> _YOUR GOAL_: Could you reproduce the lines below from the one with "D \<inter> D \<noteq>" through the one with "D \<in> Exp"? Keep both ends and add nothing.

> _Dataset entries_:

(* Let $X$ be an infinite h-homogeneous zero-dimensional compact Hausdorff space, let $\alpha=(A_1,\dots,A_n)$ be an ordered partition of $X$ into nonempty clopen sets, and let $\upsilon\in\Phi(X)$. Then $\upsilon\in\mathfrak U_\alpha$ if and only if the induced order $<_\upsilon$ on $\{A_1,\dots,A_n\}$ satisfies $A_i<_\upsilon A_j\iff i<j$. In particular $\upsilon\in\mathfrak U_{t^*_\upsilon(\alpha)}$.
   Context: h-homogeneous: every nonempty clopen subset of $X$ is homeomorphic to $X$. $\mathrm{Exp}(X)$ is the space of nonempty closed subsets of $X$ with the Vietoris topology; $\Phi(X)\subset\mathrm{Exp}(\mathrm{Exp}(X))$ is the space of maximal chains (maximal families in $\mathrm{Exp}(X)$ totally ordered by inclusion). For open sets $U_1,\dots,U_k$ of a space $Y$, $\langle U_1,\dots,U_k\rangle=\{F\in\mathrm{Exp}(Y): F\cap U_i\ne\emptyset\ \forall i,\ F\subset\bigcup_i U_i\}$. For $\alpha=(A_1,\dots,A_n)$ set $\mathcal U_j=\langle A_1,\dots,A_j\rangle\subset \mathrm{Exp}(X)$ and $\mathfrak U_\alpha=\langle\mathcal U_1,\dots,\mathcal U_n\rangle\subset\mathrm{Exp}(\mathrm{Exp}(X))$. For $\upsilon\in\Phi(X)$ and nonempty closed $D$, $D_\upsilon=\bigcap\{A\in\upsilon:A\cap D\ne\emptyset\}$; the induced order is $A_i<_\upsilon A_j$ iff $(A_i)_\upsilon\subseteq(A_j)_\upsilon$, and $t^*_\upsilon(\alpha)$ is the ordered partition listing $A_1,\dots,A_n$ in increasing $<_\upsilon$-order. *)

theory Defs
  imports "HOL-Analysis.Analysis"
begin

definition h_homogeneous :: "'a topology \<Rightarrow> bool" where
  "h_homogeneous X \<longleftrightarrow>
     (\<forall>C. closedin X C \<and> openin X C \<and> C \<noteq> {} \<longrightarrow> subtopology X C homeomorphic_space X)"

definition Exp :: "'a topology \<Rightarrow> 'a set set" where
  "Exp X = {F. closedin X F \<and> F \<noteq> {}}"

definition vietoris :: "'a topology \<Rightarrow> 'a set topology" where
  "vietoris X = subtopology
     (topology_generated_by ({{F. F \<subseteq> U} | U. openin X U} \<union> {{F. F \<inter> U \<noteq> {}} | U. openin X U}))
     (Exp X)"

definition vbrack :: "'a topology \<Rightarrow> 'a set list \<Rightarrow> 'a set set" where
  "vbrack Y Us = {F \<in> Exp Y. (\<forall>U\<in>set Us. F \<inter> U \<noteq> {}) \<and> F \<subseteq> \<Union>(set Us)}"

definition is_chain :: "'a set set \<Rightarrow> bool" where
  "is_chain C \<longleftrightarrow> (\<forall>A\<in>C. \<forall>B\<in>C. A \<subseteq> B \<or> B \<subseteq> A)"

definition Phi :: "'a topology \<Rightarrow> 'a set set set" where
  "Phi X = {v. v \<subseteq> Exp X \<and> is_chain v \<and>
                (\<forall>c. c \<subseteq> Exp X \<and> is_chain c \<and> v \<subseteq> c \<longrightarrow> c = v)}"

definition frakU :: "'a topology \<Rightarrow> 'a set list \<Rightarrow> 'a set set set" where
  "frakU X As = vbrack (vietoris X) (map (\<lambda>j. vbrack X (take j As)) [1..<Suc (length As)])"

definition chain_sub :: "'a set set \<Rightarrow> 'a set \<Rightarrow> 'a set" where
  "chain_sub v D = \<Inter>{A \<in> v. A \<inter> D \<noteq> {}}"

definition t_star :: "'a set set \<Rightarrow> 'a set list \<Rightarrow> 'a set list" where
  "t_star v As = (THE Bs. mset Bs = mset As \<and>
                   sorted_wrt (\<lambda>A B. chain_sub v A \<subset> chain_sub v B) Bs)"

end

theory Submission
  imports Defs
begin

(*
  For a block A of the partition, A_v is the least member of the maximal chain v meeting A;
  it exists by compactness. Disjoint clopen blocks A, B have different A_v, B_v: if both equal D,
  the closure of the union of the members strictly below D misses the open set A \<union> B, whereas
  maximality leaves at most one point of D outside that closure.

  Since v is closed in the Vietoris topology, v \<in> \<U>_\<alpha> says that each bracket
  \<langle>A_1,...,A_j\<rangle> contains a member of v and each member lies in some bracket. If the
  (A_j)_v increase with j, then (A_j)_v itself lies in the j-th bracket, and a member F lies in
  the bracket of the last block it meets. Conversely, a member F of the i-th bracket satisfies
  (A_i)_v \<subseteq> F \<subset> (A_j)_v for every j > i.
*)

lemma Phi_closedin: "v \<in> Phi X \<Longrightarrow> E \<in> v \<Longrightarrow> closedin X E"
  and Phi_nonempty: "v \<in> Phi X \<Longrightarrow> E \<in> v \<Longrightarrow> E \<noteq> {}"
  unfolding Phi_def Exp_def by auto

lemma Phi_comparable: "v \<in> Phi X \<Longrightarrow> A \<in> v \<Longrightarrow> B \<in> v \<Longrightarrow> A \<subseteq> B \<or> B \<subseteq> A"
  unfolding Phi_def is_chain_def by auto

lemma Phi_maximal:
  assumes "v \<in> Phi X" "G \<in> Exp X" "\<forall>E\<in>v. E \<subseteq> G \<or> G \<subseteq> E"
  shows "G \<in> v"
proof -
  have "insert G v \<subseteq> Exp X" "is_chain (insert G v)"
    using assms unfolding Phi_def is_chain_def by auto
  then have "insert G v = v"
    using assms(1) unfolding Phi_def by blast
  then show ?thesis by blast
qed

lemma topspace_in_Phi:
  assumes "v \<in> Phi X" "topspace X \<noteq> {}"
  shows "topspace X \<in> v"
proof (rule Phi_maximal[OF assms(1)])
  show "topspace X \<in> Exp X"
    using assms(2) unfolding Exp_def by simp
  show "\<forall>E\<in>v. E \<subseteq> topspace X \<or> topspace X \<subseteq> E"
    using Phi_closedin[OF assms(1)] closedin_subset by blast
qed

lemma compact_space_Inter_chain_nonempty:
  assumes "compact_space X" "\<forall>C\<in>\<C>. closedin X C \<and> C \<noteq> {}" "subset.chain \<A> \<C>"
  shows "\<Inter>\<C> \<noteq> {}"
proof -
  have closed: "\<forall>C\<in>\<C>. closedin X C"
    using assms(2) by blast
  have fip: "\<forall>\<F>. finite \<F> \<and> \<F> \<subseteq> \<C> \<longrightarrow> \<Inter>\<F> \<noteq> {}"
  proof (intro allI impI, elim conjE)
    fix \<F> assume \<F>: "finite \<F>" "\<F> \<subseteq> \<C>"
    show "\<Inter>\<F> \<noteq> {}"
    proof (cases "\<F> = {}")
      case False
      have "subset.chain \<A> \<F>"
        using assms(3) \<F>(2) unfolding subset.chain_def by blast
      then show ?thesis
        using Inter_in_chain[OF \<F>(1) False] \<F>(2) assms(2) by blast
    qed simp
  qed
  show ?thesis
    using assms(1)[unfolded compact_space_fip, rule_format, OF conjI[OF closed fip]] .
qed

lemma chain_sub_least: "E \<in> v \<Longrightarrow> E \<inter> D \<noteq> {} \<Longrightarrow> chain_sub v D \<subseteq> E"
  unfolding chain_sub_def by blast

lemma chain_sub_meets:
  assumes "compact_space X" "v \<in> Phi X" "closedin X D" "D \<noteq> {}"
  shows "chain_sub v D \<inter> D \<noteq> {}"
proof -
  define S where "S = {A \<in> v. A \<inter> D \<noteq> {}}"
  have "topspace X \<in> S"
    using assms closedin_subset[OF assms(3)] topspace_in_Phi unfolding S_def by blast
  have "subset.chain UNIV ((\<lambda>A. A \<inter> D) ` S)"
    using Phi_comparable[OF assms(2)] unfolding S_def subset.chain_def by blast
  moreover have "\<forall>C\<in>(\<lambda>A. A \<inter> D) ` S. closedin X C \<and> C \<noteq> {}"
    using Phi_closedin[OF assms(2)] assms(3) unfolding S_def by blast
  ultimately have "\<Inter>((\<lambda>A. A \<inter> D) ` S) \<noteq> {}"
    using compact_space_Inter_chain_nonempty[OF assms(1)] by blast
  moreover have "\<Inter>((\<lambda>A. A \<inter> D) ` S) \<subseteq> chain_sub v D \<inter> D"
    using \<open>topspace X \<in> S\<close> unfolding chain_sub_def S_def by blast
  ultimately show ?thesis
    by blast
qed

lemma chain_sub_in_Phi:
  assumes "compact_space X" "v \<in> Phi X" "closedin X D" "D \<noteq> {}"
  shows "chain_sub v D \<in> v"
proof (rule Phi_maximal[OF assms(2)])
  have "topspace X \<in> {A \<in> v. A \<inter> D \<noteq> {}}"
    using assms closedin_subset[OF assms(3)] topspace_in_Phi by blast
  then have "closedin X (chain_sub v D)"
    unfolding chain_sub_def by (intro closedin_Inter) (auto dest: Phi_closedin[OF assms(2)])
  then show "chain_sub v D \<in> Exp X"
    using chain_sub_meets[OF assms] unfolding Exp_def by auto
  show "\<forall>E\<in>v. E \<subseteq> chain_sub v D \<or> chain_sub v D \<subseteq> E"
    using Phi_comparable[OF assms(2)] unfolding chain_sub_def by blast
qed

text \<open>Adding a missed point \<open>a\<close> to the closure gives a closed set comparable with every member,
  hence a member strictly below \<open>D\<close> (it misses \<open>b\<close>) that is not contained in the closure.\<close>
lemma Phi_closure_below_gap:
  assumes "t1_space X" "v \<in> Phi X" "D \<in> v"
    and C: "C = X closure_of \<Union>{E \<in> v. E \<subset> D}"
    and a: "a \<in> D" "a \<notin> C" and b: "b \<in> D" "b \<notin> C"
  shows "a = b"
proof (rule ccontr)
  assume "a \<noteq> b"
  have "closedin X D"
    using Phi_closedin assms(2,3) .
  then have "C \<subseteq> D"
    unfolding C by (intro closure_of_minimal) auto
  have below: "\<Union>{E \<in> v. E \<subset> D} \<subseteq> C"
    unfolding C using \<open>closedin X D\<close> closedin_subset by (intro closure_of_subset) blast
  have "closedin X {a}"
    using closedin_t1_singleton[OF assms(1)] a(1) \<open>closedin X D\<close> closedin_subset by blast
  then have "closedin X (insert a C)"
    using closedin_Un[of X "{a}" C] unfolding C by simp
  moreover have "E \<subseteq> insert a C \<or> insert a C \<subseteq> E" if "E \<in> v" for E
  proof (cases "D \<subseteq> E")
    case True
    then show ?thesis
      using \<open>C \<subseteq> D\<close> a(1) by blast
  next
    case False
    then have "E \<subset> D"
      using Phi_comparable[OF assms(2) that assms(3)] by blast
    then show ?thesis
      using that below by blast
  qed
  ultimately have "insert a C \<in> v"
    by (intro Phi_maximal[OF assms(2)]) (auto simp: Exp_def)
  moreover have "insert a C \<subset> D"
    using \<open>C \<subseteq> D\<close> \<open>a \<noteq> b\<close> a(1) b by blast
  ultimately show False
    using below a(2) by blast
qed

lemma chain_sub_disjoint_clopen_neq:
  assumes "compact_space X" "t1_space X" "v \<in> Phi X"
    and A: "closedin X A" "openin X A" "A \<noteq> {}"
    and B: "closedin X B" "openin X B" "B \<noteq> {}"
    and "A \<inter> B = {}"
  shows "chain_sub v A \<noteq> chain_sub v B"
proof
  assume eq: "chain_sub v A = chain_sub v B"
  define D where "D = chain_sub v A"
  define C where "C = X closure_of \<Union>{E \<in> v. E \<subset> D}"
  have "E \<subseteq> topspace X - (A \<union> B)" if "E \<in> v" "E \<subset> D" for E
  proof -
    have "E \<inter> A = {}" "E \<inter> B = {}"
      using chain_sub_least[OF that(1), of A] chain_sub_least[OF that(1), of B] that(2) eq
      unfolding D_def by blast+
    moreover have "E \<subseteq> topspace X"
      using Phi_closedin[OF assms(3) that(1)] closedin_subset by blast
    ultimately show ?thesis
      by blast
  qed
  moreover have "closedin X (topspace X - (A \<union> B))"
    using A(2) B(2) by (intro closedin_diff closedin_topspace openin_Un)
  ultimately have "C \<subseteq> topspace X - (A \<union> B)"
    unfolding C_def by (intro closure_of_minimal) auto
  moreover obtain a b where "a \<in> D" "a \<in> A" "b \<in> D" "b \<in> B"
    using chain_sub_meets[OF assms(1,3) A(1,3)] chain_sub_meets[OF assms(1,3) B(1,3)] eq
    unfolding D_def by blast
  moreover have "D \<in> v"
    unfolding D_def using chain_sub_in_Phi[OF assms(1,3) A(1,3)] .
  ultimately have "a = b"
    using Phi_closure_below_gap[OF assms(2,3) _ C_def] by blast
  with \<open>a \<in> A\<close> \<open>b \<in> B\<close> assms(10) show False
    by blast
qed

lemma topspace_vietoris: "topspace (vietoris X) = Exp X"
proof -
  have "F \<in> {F. F \<subseteq> topspace X}" if "F \<in> Exp X" for F
    using that closedin_subset unfolding Exp_def by auto
  then show ?thesis
    unfolding vietoris_def by auto
qed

> _SOLVED PROBLEM_:
  shows "chain_sub v D \<inter> D \<noteq> {}"
proof -
  define S where "S = {A \<in> v. A \<inter> D \<noteq> {}}"
  have "topspace X \<in> S"
    using assms closedin_subset[OF assms(3)] topspace_in_Phi unfolding S_def by blast
  have "subset.chain UNIV ((\<lambda>A. A \<inter> D) ` S)"
    using Phi_comparable[OF assms(2)] unfolding S_def subset.chain_def by blast
  moreover have "\<forall>C\<in>(\<lambda>A. A \<inter> D) ` S. closedin X C \<and> C \<noteq> {}"
    using Phi_closedin[OF assms(2)] assms(3) unfolding S_def by blast
  ultimately have "\<Inter>((\<lambda>A. A \<inter> D) ` S) \<noteq> {}"
    using compact_space_Inter_chain_nonempty[OF assms(1)] by blast
  moreover have "\<Inter>((\<lambda>A. A \<inter> D) ` S) \<subseteq> chain_sub v D \<inter> D"
    using \<open>topspace X \<in> S\<close> unfolding chain_sub_def S_def by blast
  ultimately show ?thesis
    by blast
qed

lemma chain_sub_in_Phi:
  assumes "compact_space X" "v \<in> Phi X" "closedin X D" "D \<noteq> {}"
  shows "chain_sub v D \<in> v"
proof (rule Phi_maximal[OF assms(2)])
  have "topspace X \<in> {A \<in> v. A \<inter> D \<noteq> {}}"
    using assms closedin_subset[OF assms(3)] topspace_in_Phi by blast
  then have "closedin X (chain_sub v D)"
    unfolding chain_sub_def by (intro closedin_Inter) (auto dest: Phi_closedin[OF assms(2)])
  then show "chain_sub v D \<in> Exp X"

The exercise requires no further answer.